*What this task involves*
Could you transcribe all of the data word for word?

*Stored data entries*
========================================================================
(* Consider the periodic robust learning MPC scheme described in the context, and assume the stage costs $l_t(z,v)$ are continuous, convex and satisfy $l_t(z,v)\ge 0$. Then at every iteration $j\ge1$ and every $t\in\{0,1,\dots,T-N\}$, the closed-loop cumulative cost $J^j(z_t^j)=\sum_{k=t}^T l_k(z_k^j,v_k^j)$ satisfies $J^j(z_t^j)\le J_{t|t'}^{i,j}(z_{t|t'}^{i,j})$ for every shifted state $z_{t|t'}^{i,j}\in\mathbb{SS}_t^j$ with $z_{t|t'}^{i,j}=z_t^j$. In particular, if $\theta^j\in\mathbb{W}_0^i$ for some $i\in\{0,\dots,j-1\}$, then $J^j(z_0^j)\le J_{0|0}^{i,j}(z_0^j)$.
   Context: Let $T\in\mathbb{N}$ be the period/task length and $N\le T$ the prediction horizon; $\mathbb{N}_a^b=\{a,a+1,\dots,b\}$. For $t\in\mathbb{N}_0^T$ let $A_t\in\mathbb{R}^{n\times n}$, $B_t\in\mathbb{R}^{n\times m}$, $C_t\in\mathbb{R}^{n\times d}$ be given, together with tightened constraint data $\bar F_t,\bar G_t,\bar f_t$ (polytopic constraints $\bar F_t z+\bar G_t v\le \bar f_t$), gains $K_t$ and $\Phi_t=A_t+B_tK_t$. Let $(\theta,t)\mapsto w_{\theta,t}\in\mathbb{R}^d$ be a given (known) parametrized disturbance profile, with parameters $\theta$ ranging in a set $\mathbb{W}_\theta$. Each iteration $j=0,1,2,\dots$ has a parameter $\theta^j\in\mathbb{W}_\theta$, known at iteration $j$, and nominal dynamics $z_{k+1}=A_kz_k+B_kv_k+C_kw_{\theta^j,k}$, all iterations starting from $z_0^j=x_s$. Standing assumption: a closed-loop trajectory $\{\mathbf{z}^0,\mathbf{v}^0\}$ of iteration $0$ (parameter $\theta^0$) is given satisfying the nominal dynamics and tightened constraints, and $\mathbb{W}_t^0\supseteq\mathbb{W}_\theta$ for all $t$; at each solved LMPC problem an optimal solution is selected. Shifting: for a past iteration $i$ with recorded closed-loop states $\mathbf{z}^i=[z_0^i,\dots,z_T^i]$, inputs $\mathbf{v}^i=[v_0^i,\dots,v_T^i]$ and parameter $\theta^i$, a parameter $\theta$ and a start time $t$, define $e_{t|t}=0$, $e_{k+1|t}=\Phi_k e_{k|t}+C_k(w_{\theta,k}-w_{\theta^i,k})$, $v_{k|t}=v_k^i+K_ke_{k|t}$, $z_{k|t}=z_k^i+e_{k|t}$ for $k\in\mathbb{N}_t^T$; when $\theta=\theta^j$ these are denoted $z_{k|t}^{i,j},v_{k|t}^{i,j}$. The feasible disturbance set $\mathbb{W}_t^i$ is the set of $\theta$ for which the resulting shifted pairs satisfy $\bar F_k z_{k|t}+\bar G_k v_{k|t}\le \bar f_k$ for all $k\in\mathbb{N}_t^T$. Safe sets and cost-to-go at iteration $j$: $\mathbb{SS}_k^j=\{z_{k|t}^{i,j}: i\in\mathbb{N}_0^{j-1},\ t\in\mathbb{N}_0^k,\ \theta^j\in\mathbb{W}_t^i\}$ (a finite set of points), shifted costs $J_{k|t}^{i,j}(z_{k|t}^{i,j})=\sum_{r=k}^T l_r(z_{r|t}^{i,j},v_{r|t}^{i,j})$, and $Q_k^j(z)=\min\{J_{k|t}^{i,j}: i\in\mathbb{N}_0^{j-1}, t\in\mathbb{N}_0^k, \theta^j\in\mathbb{W}_t^i, z_{k|t}^{i,j}=z\}$ if $z\in\mathbb{SS}_k^j$, and $Q_k^j(z)=+\infty$ otherwise. LMPC problem at time $t\in\mathbb{N}_0^{T-N}$ of iteration $j$, given current nominal state $z_t^j$: minimize $\sum_{k=t}^{t+N-1}l_k(z_{k|t},v_{k|t})+Q_{t+N}^j(z_{t+N|t})$ over $v_{t|t},\dots,v_{t+N-1|t}$ subject to $z_{t|t}=z_t^j$, $z_{k+1|t}=A_kz_{k|t}+B_kv_{k|t}+C_kw_{\theta^j,k}$, $\bar F_kz_{k|t}+\bar G_kv_{k|t}\le\bar f_k$ for $k\in\mathbb{N}_t^{t+N-1}$, and $z_{t+N|t}\in\mathbb{SS}_{t+N}^j$. With optimal inputs $v^{j,*}_{k|t}$, the closed-loop input is $v_t^j=v_{t|t}^{j,*}$ if $t+N\le T$ and $v_t^j=v_{t|T-N}^{j,*}$ if $t+N>T$, and $z_{t+1}^j=A_tz_t^j+B_tv_t^j+C_tw_{\theta^j,t}$. The closed-loop $\{\mathbf{z}^j,\mathbf{v}^j\}$ together with $\theta^j$ is recorded and used as historical data for later iterations. *)

theory Defs
  imports "HOL-Analysis.Analysis"
begin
========================================================================
*Written reply*
(* Consider the periodic robust learning MPC scheme described in the context, and assume the stage costs $l_t(z,v)$ are continuous, convex and satisfy $l_t(z,v)\ge 0$. Then at every iteration $j\ge1$ and every $t\in\{0,1,\dots,T-N\}$, the closed-loop cumulative cost $J^j(z_t^j)=\sum_{k=t}^T l_k(z_k^j,v_k^j)$ satisfies $J^j(z_t^j)\le J_{t|t'}^{i,j}(z_{t|t'}^{i,j})$ for every shifted state $z_{t|t'}^{i,j}\in\mathbb{SS}_t^j$ with $z_{t|t'}^{i,j}=z_t^j$. In particular, if $\theta^j\in\mathbb{W}_0^i$ for some $i\in\{0,\dots,j-1\}$, then $J^j(z_0^j)\le J_{0|0}^{i,j}(z_0^j)$.
   Context: Let $T\in\mathbb{N}$ be the period/task length and $N\le T$ the prediction horizon; $\mathbb{N}_a^b=\{a,a+1,\dots,b\}$. For $t\in\mathbb{N}_0^T$ let $A_t\in\mathbb{R}^{n\times n}$, $B_t\in\mathbb{R}^{n\times m}$, $C_t\in\mathbb{R}^{n\times d}$ be given, together with tightened constraint data $\bar F_t,\bar G_t,\bar f_t$ (polytopic constraints $\bar F_t z+\bar G_t v\le \bar f_t$), gains $K_t$ and $\Phi_t=A_t+B_tK_t$. Let $(\theta,t)\mapsto w_{\theta,t}\in\mathbb{R}^d$ be a given (known) parametrized disturbance profile, with parameters $\theta$ ranging in a set $\mathbb{W}_\theta$. Each iteration $j=0,1,2,\dots$ has a parameter $\theta^j\in\mathbb{W}_\theta$, known at iteration $j$, and nominal dynamics $z_{k+1}=A_kz_k+B_kv_k+C_kw_{\theta^j,k}$, all iterations starting from $z_0^j=x_s$. Standing assumption: a closed-loop trajectory $\{\mathbf{z}^0,\mathbf{v}^0\}$ of iteration $0$ (parameter $\theta^0$) is given satisfying the nominal dynamics and tightened constraints, and $\mathbb{W}_t^0\supseteq\mathbb{W}_\theta$ for all $t$; at each solved LMPC problem an optimal solution is selected. Shifting: for a past iteration $i$ with recorded closed-loop states $\mathbf{z}^i=[z_0^i,\dots,z_T^i]$, inputs $\mathbf{v}^i=[v_0^i,\dots,v_T^i]$ and parameter $\theta^i$, a parameter $\theta$ and a start time $t$, define $e_{t|t}=0$, $e_{k+1|t}=\Phi_k e_{k|t}+C_k(w_{\theta,k}-w_{\theta^i,k})$, $v_{k|t}=v_k^i+K_ke_{k|t}$, $z_{k|t}=z_k^i+e_{k|t}$ for $k\in\mathbb{N}_t^T$; when $\theta=\theta^j$ these are denoted $z_{k|t}^{i,j},v_{k|t}^{i,j}$. The feasible disturbance set $\mathbb{W}_t^i$ is the set of $\theta$ for which the resulting shifted pairs satisfy $\bar F_k z_{k|t}+\bar G_k v_{k|t}\le \bar f_k$ for all $k\in\mathbb{N}_t^T$. Safe sets and cost-to-go at iteration $j$: $\mathbb{SS}_k^j=\{z_{k|t}^{i,j}: i\in\mathbb{N}_0^{j-1},\ t\in\mathbb{N}_0^k,\ \theta^j\in\mathbb{W}_t^i\}$ (a finite set of points), shifted costs $J_{k|t}^{i,j}(z_{k|t}^{i,j})=\sum_{r=k}^T l_r(z_{r|t}^{i,j},v_{r|t}^{i,j})$, and $Q_k^j(z)=\min\{J_{k|t}^{i,j}: i\in\mathbb{N}_0^{j-1}, t\in\mathbb{N}_0^k, \theta^j\in\mathbb{W}_t^i, z_{k|t}^{i,j}=z\}$ if $z\in\mathbb{SS}_k^j$, and $Q_k^j(z)=+\infty$ otherwise. LMPC problem at time $t\in\mathbb{N}_0^{T-N}$ of iteration $j$, given current nominal state $z_t^j$: minimize $\sum_{k=t}^{t+N-1}l_k(z_{k|t},v_{k|t})+Q_{t+N}^j(z_{t+N|t})$ over $v_{t|t},\dots,v_{t+N-1|t}$ subject to $z_{t|t}=z_t^j$, $z_{k+1|t}=A_kz_{k|t}+B_kv_{k|t}+C_kw_{\theta^j,k}$, $\bar F_kz_{k|t}+\bar G_kv_{k|t}\le\bar f_k$ for $k\in\mathbb{N}_t^{t+N-1}$, and $z_{t+N|t}\in\mathbb{SS}_{t+N}^j$. With optimal inputs $v^{j,*}_{k|t}$, the closed-loop input is $v_t^j=v_{t|t}^{j,*}$ if $t+N\le T$ and $v_t^j=v_{t|T-N}^{j,*}$ if $t+N>T$, and $z_{t+1}^j=A_tz_t^j+B_tv_t^j+C_tw_{\theta^j,t}$. The closed-loop $\{\mathbf{z}^j,\mathbf{v}^j\}$ together with $\theta^j$ is recorded and used as historical data for later iterations. *)

theory Defs
  imports "HOL-Analysis.Analysis"
begin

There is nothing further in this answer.